Personalization is the name of the game for Brian Walker, chief strategy officer at Mountain View, Calif.-based commerce experience cloud company Bloomreach. In his GenNext keynote speech, which took place on the first day of Progressive Grocer’s Nov. 2-4 Grocery Industry Week event in Orlando, Fla., Walker noted that while today’s methods of personalization use technology and data to give customers what they want, he believes that retailers also need to get back to basics in an effort to get to know their customers and develop better relationships with them.

“Personalization in the grocery industry, it’s really going back to the first principles, in a sense,” Walker explained of today’s consumers. “Understanding their culture, their customs, their diets, their families … What we’re talking about here in personalization is how to bring that forward.”

Higher Expectations

While grocery moved toward a generic experience that focused on mass marketing and mass distribution for several decades, today’s shoppers expect more, Walker said, especially considering that food is one of the most personal and important human experiences. Among the attributes that are most important to today’s consumers are taste, culture, season, holidays, religion, ethics, fitness and therapy.

“We need to recognize that we can make this a lot better,” Walker said. “Even to make it more acute, we need to recognize that, with the pandemic, customer loyalty, in a sense, is up for grabs.”

Continued Walker, “Customers tried new brands, and they tried new channels in ways that hadn’t been the case before. That physical real estate that your organizations have invested in for years and that control of the mindshare of the customer, that’s not really the paradigm.”

With many consumers unlikely to return to their pre-pandemic shopping patterns, attributes like convenience and delight are even more poised to perpetuate the customer transformation. As such, Walker referenced McKinsey & Co. data showing that 71% of customers expect personalization and that 76% are frustrated when they don’t see it.

Additionally, 78% of consumers are more likely to repurchase or recommend a product when they see personalization attached to it.
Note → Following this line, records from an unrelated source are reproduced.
theorem mainTheorem9:
  shows "\<exists>L::real. (\<lambda>n. root n (real (c n))) \<longlonglongrightarrow> L \<and>
           ereal L = limsup (\<lambda>n. ereal (root n (real (c n))))"
proof -
  let ?L = "SUP n\<in>{1..}. root n (real (c n))"
  have "(\<lambda>n. root n (real (c n))) \<longlonglongrightarrow> ?L"
  proof (rule supermult_root_tendsto_Sup)
    show "1 \<le> real (c n)" for n using c_ge_one[of n] by simp
    show "real (c m) * real (c n) \<le> real (c (m + n))" for m n
      using c_supermult[of m n] by (simp flip: of_nat_mult)
    show "bdd_above ((\<lambda>n. root n (real (c n))) ` {1..})"
      using root_c_le_4 by (intro bdd_aboveI[of _ 4]) auto
  qed
  moreover from this have "limsup (\<lambda>n. ereal (root n (real (c n)))) = ereal ?L"
    by (intro lim_imp_Limsup) auto
  ultimately show ?thesis by auto
qed

end
lemma segment_to_contact:
  assumes "p \<in> core r" "t \<in> biters r"
  shows "closed_segment p (contact r t) \<inter> rect_set t \<subseteq> {contact r t}"
proof
  fix z assume z: "z \<in> closed_segment p (contact r t) \<inter> rect_set t"
  show "z \<in> {contact r t}"
  proof (rule ccontr)
    assume "z \<notin> {contact r t}"
    then have "z \<in> closed_segment p (contact r t)" "z \<noteq> contact r t" using z by auto
    note strict = linear_closed_segment_strict[OF bounded_linear.linear[OF bounded_linear_fst] this]
      linear_closed_segment_strict[OF bounded_linear.linear[OF bounded_linear_snd] this]
    have "p \<in> core r" by (fact assms(1))
    then show False
      using z biterD(4)[OF assms(2)] core_bounds(5-8)[OF assms(2)] strict
      unfolding core_def contact_def bites_def interval_rel_defs by (auto simp: mem_rect_set)
  qed
qed

lemma biter_beyond_neighbour:
  assumes "ig_edge R r s" "t \<in> biters r" "\<not> rects_intersect s t"
  obtains "overlaps_below (fst r) (fst t)" "xr s < xl t"
    | "overlaps_below (fst t) (fst r)" "xr t < xl s"
    | "overlaps_below (snd r) (snd t)" "yh s < yl t"
    | "overlaps_below (snd t) (snd r)" "yh t < yl s"
proof -
  note t = biterD[OF assms(2)]
  have s: "s \<in> R" "r \<in> R" "rects_intersect r s" using assms(1) unfolding ig_edge_def by auto
  have "xr s < xl t \<or> xr t < xl s \<or> yh s < yl t \<or> yh t < yl s"
    using assms(3) rects_intersect_iff[OF s(1) t(1)] by auto
  moreover have "xl r \<le> xr s \<and> xl s \<le> xr r \<and> yl r \<le> yh s \<and> yl s \<le> yh r"
    using rects_intersect_iff[OF s(2,1)] s(3) by auto
  ultimately show thesis
    using that t(4) unfolding bites_def interval_rel_defs by fastforce
qed

lemma segment_avoids_biter:
  assumes "p \<in> core r" "ig_edge R r s" "q \<in> rect_set s" "t \<in> biters r" "\<not> rects_intersect s t"
  shows "closed_segment p q \<inter> rect_set t = {}"
proof -
  obtain H where "convex H" "p \<in> H" "q \<in> H" "H \<inter> rect_set t = {}"
    using assms(2,4,5)
  proof (cases rule: biter_beyond_neighbour)
    case 1
    then have "p \<in> {..<xl t} \<times> UNIV" "q \<in> {..<xl t} \<times> UNIV"
      using assms(1,3) core_bounds(6)[OF assms(4)] by (auto simp: core_def mem_rect_set mem_Times_iff)
    then show thesis by (intro that[of "{..<xl t} \<times> UNIV"] convex_Times) (auto simp: mem_rect_set)
  next
    case 2
    then have "p \<in> {xr t<..} \<times> UNIV" "q \<in> {xr t<..} \<times> UNIV"
      using assms(1,3) core_bounds(5)[OF assms(4)] by (auto simp: core_def mem_rect_set mem_Times_iff)
    then show thesis by (intro that[of "{xr t<..} \<times> UNIV"] convex_Times) (auto simp: mem_rect_set)
  next
    case 3
    then have "p \<in> UNIV \<times> {..<yl t}" "q \<in> UNIV \<times> {..<yl t}"
      using assms(1,3) core_bounds(8)[OF assms(4)] by (auto simp: core_def mem_rect_set mem_Times_iff)
    then show thesis by (intro that[of "UNIV \<times> {..<yl t}"] convex_Times) (auto simp: mem_rect_set)
  next
    case 4
    then have "p \<in> UNIV \<times> {yh t<..}" "q \<in> UNIV \<times> {yh t<..}"
      using assms(1,3) core_bounds(7)[OF assms(4)] by (auto simp: core_def mem_rect_set mem_Times_iff)
    then show thesis by (intro that[of "UNIV \<times> {yh t<..}"] convex_Times) (auto simp: mem_rect_set)
  qed
  then show ?thesis using closed_segment_subset by blast
qed

lemma maximal_edge_biters:
  assumes "u \<in> maximal_rects" "v \<in> maximal_rects" "ig_edge R u v"
  shows "v \<in> biters u \<longleftrightarrow> u \<notin> biters v"
  using bites_exclusive[OF assms] ig_edge_sym[OF assms(3)] assms(3) unfolding biters_def by auto

definition meet :: "rect \<Rightarrow> rect \<Rightarrow> real \<times> real" where
  "meet u v = (if bites v u then contact u v else contact v u)"

lemma meet_contact:
  assumes "u \<in> maximal_rects" "v \<in> maximal_rects" "ig_edge R u v"
  obtains a b where "(a, b) \<in> {(u, v), (v, u)}" "b \<in> biters a"
    "meet u v = contact a b" "meet v u = contact a b"
proof (cases "v \<in> biters u")
  case True
  then have "\<not> bites u v" using maximal_edge_biters[OF assms] ig_edge_sym[OF assms(3)]
    unfolding biters_def by blast
  then have "meet u v = contact u v" "meet v u = contact u v"
    using biterD(4)[OF True] unfolding meet_def by simp_all
  then show thesis using True by (intro that[of u v]) simp_all
next
  case False
  then have "u \<in> biters v" using maximal_edge_biters[OF assms] by blast
  moreover have "\<not> bites v u" using False assms(3) unfolding biters_def by blast
  ultimately have "meet u v = contact v u" "meet v u = contact v u"
    using biterD(4) unfolding meet_def by simp_all
  then show thesis using \<open>u \<in> biters v\<close> by (intro that[of v u]) simp_all
qed

lemma meet_sym:
  assumes "u \<in> maximal_rects" "v \<in> maximal_rects" "ig_edge R u v"
  shows "meet u v = meet v u"
proof -
  obtain a b where "meet u v = contact a b" "meet v u = contact a b"
    using meet_contact[OF assms] .
  then show ?thesis by simp
qed

lemma meet_in_rects:
  assumes "u \<in> maximal_rects" "v \<in> maximal_rects" "ig_edge R u v"
  shows "meet u v \<in> rect_set u" "meet u v \<in> rect_set v"
proof -
  obtain a b where "(a, b) \<in> {(u, v), (v, u)}" "b \<in> biters a" "meet u v = contact a b"
    using meet_contact[OF assms] .
  then show "meet u v \<in> rect_set u" "meet u v \<in> rect_set v"
    using contact_in_rects[of b a] by auto
qed

lemma meet_notin_cores:
  assumes "u \<in> maximal_rects" "v \<in> maximal_rects" "ig_edge R u v"
  shows "meet u v \<notin> core u" "meet u v \<notin> core v"
proof -
  obtain a b where ab: "(a, b) \<in> {(u, v), (v, u)}" "b \<in> biters a" "meet u v = contact a b"
    using meet_contact[OF assms] .
  have "contact a b \<notin> core a"
    using contact_in_rects(2)[OF ab(2)] core_disjoint_biter[OF ab(2)] by blast
  moreover have "contact a b \<notin> core b" by (fact contact_notin_core_of_biter[OF ab(2)])
  ultimately show "meet u v \<notin> core u" "meet u v \<notin> core v"
    using ab(1,3) by auto
qed
(* Let $n\ge2$, $Q>0$ real, and let $P\in\mathrm{Mat}(n^2,\mathbb{C})$ be a solution of rank $r$ to $$P^*=P,\quad P^2=P,\quad Q^2(P_1P_2P_1-P_2P_1P_2)=P_1-P_2,$$ where $P_1=P\otimes I_n$, $P_2=I_n\otimes P$. Let $k=\tfrac12\operatorname{rank}(P_1-P_2)$. Then $$rn-k+Q^{-1}k\le r^2 .$$
   Context: $I_n$ is the $n\times n$ identity matrix and $\otimes$ is the Kronecker product. *)

theory Defs
  imports "HOL-Analysis.Analysis"
begin

definition kron :: "'a::times^'n^'m \<Rightarrow> 'a^'q^'p \<Rightarrow> 'a^('n\<times>'q)^('m\<times>'p)" where
  "kron A B = (\<chi> x y. (A $ fst x $ fst y) * (B $ snd x $ snd y))"

definition adjoint_mat :: "complex^'n^'n \<Rightarrow> complex^'n^'n" where
  "adjoint_mat A = (\<chi> i j. cnj (A $ j $ i))"

text \<open>Identification of (C^n \<otimes> C^n) \<otimes> C^n with C^n \<otimes> (C^n \<otimes> C^n):
  reindex a matrix indexed by ('n\<times>'n)\<times>'n by 'n\<times>('n\<times>'n).\<close>
definition reassoc :: "'a^(('n::finite\<times>'n)\<times>'n)^(('n\<times>'n)\<times>'n) \<Rightarrow> 'a^('n\<times>('n\<times>'n))^('n\<times>('n\<times>'n))" where
  "reassoc M = (\<chi> x y. M $ ((fst x, fst (snd x)), snd (snd x)) $ ((fst y, fst (snd y)), snd (snd y)))"

definition P1 :: "complex^('n::finite\<times>'n)^('n\<times>'n) \<Rightarrow> complex^('n\<times>('n\<times>'n))^('n\<times>('n\<times>'n))" where
  "P1 P = reassoc (kron P (mat 1 :: complex^'n^'n))"

definition P2 :: "complex^('n::finite\<times>'n)^('n\<times>'n) \<Rightarrow> complex^('n\<times>('n\<times>'n))^('n\<times>('n\<times>'n))" where
  "P2 P = kron (mat 1 :: complex^'n^'n) P"

end

theory Submission
  imports Defs
begin

text \<open>Write a = P1, b = P2, q = Q^2, X = a - b and R = a - aba. Multiplying the relation
  q (aba - bab) = a - b by a and by b gives q X^4 = (q - 1) X^2, which for Hermitian X
  sharpens to q X^3 = (q - 1) X. Hence (q/(q - 1)) X^2 is an idempotent of the same rank as
  X (and X = 0 if q = 1), so (q - 1) rank X = q tr X^2 = 2 q tr R, using tr a = tr b.
  Similarly q R^2 = (q - 1) R, which makes C = (a + Q^2/(1 + Q) R) b satisfy C C^* = a and
  C b a = a - Q/(1 + Q) R; taking traces, tr (C P2 P1) = n r - k + k/Q with k = rank X / 2.
  Finally, expanding P = P P^* writes P2 P1 as a sum of rank-one matrices u_i w_i^* with
  sum |u_i|^2 = sum |w_i|^2 = (tr P)^2 = r^2, and C^* is a contraction since C C^* = a,
  so Cauchy-Schwarz bounds |tr (C P2 P1)| by r^2.\<close>

section \<open>Rank and trace of idempotent matrices\<close>

lemma row_matrix_mult:
  fixes A :: "'a::semiring_1^'n^'m" and B :: "'a^'p^'n"
  shows "row i (A ** B) = (\<Sum>k\<in>UNIV. A $ i $ k *s row k B)"
  by (simp add: vec_eq_iff row_def matrix_matrix_mult_def sum_component)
With that in mind, Walker explained, retailers shouldn’t think about personalization as something cynical or related to spying on shoppers. “Customers want it, and customers expect it,” he said.

In a broader sense, personalization can be thought of as making it easier for a customer to navigate both in-store and online, making relevant product and service recommendations, tailoring messaging to needs, and offering targeted promotions.

“For customers, this is what personalization means to them, and it’s not just a product recommendation,” Walker said. “It’s really the experience that they’re talking about and how you communicate with them.”

A deeper understanding of personalization is necessary to better connect with today’s consumers, especially through advanced product discovery, site navigation and search experience, cross-category selling, seasonal collections, and localized personalization rules, including demographics.

In the end, Walker believes that investing in data is an important piece of the personalization puzzle. “A strong foundation of customer data, a strong foundation of product data, is really critical,” he said. “Invest there. This is what’s required to drive personalization.”

The article appeared in the US edition of Progressive Grocer Magazine.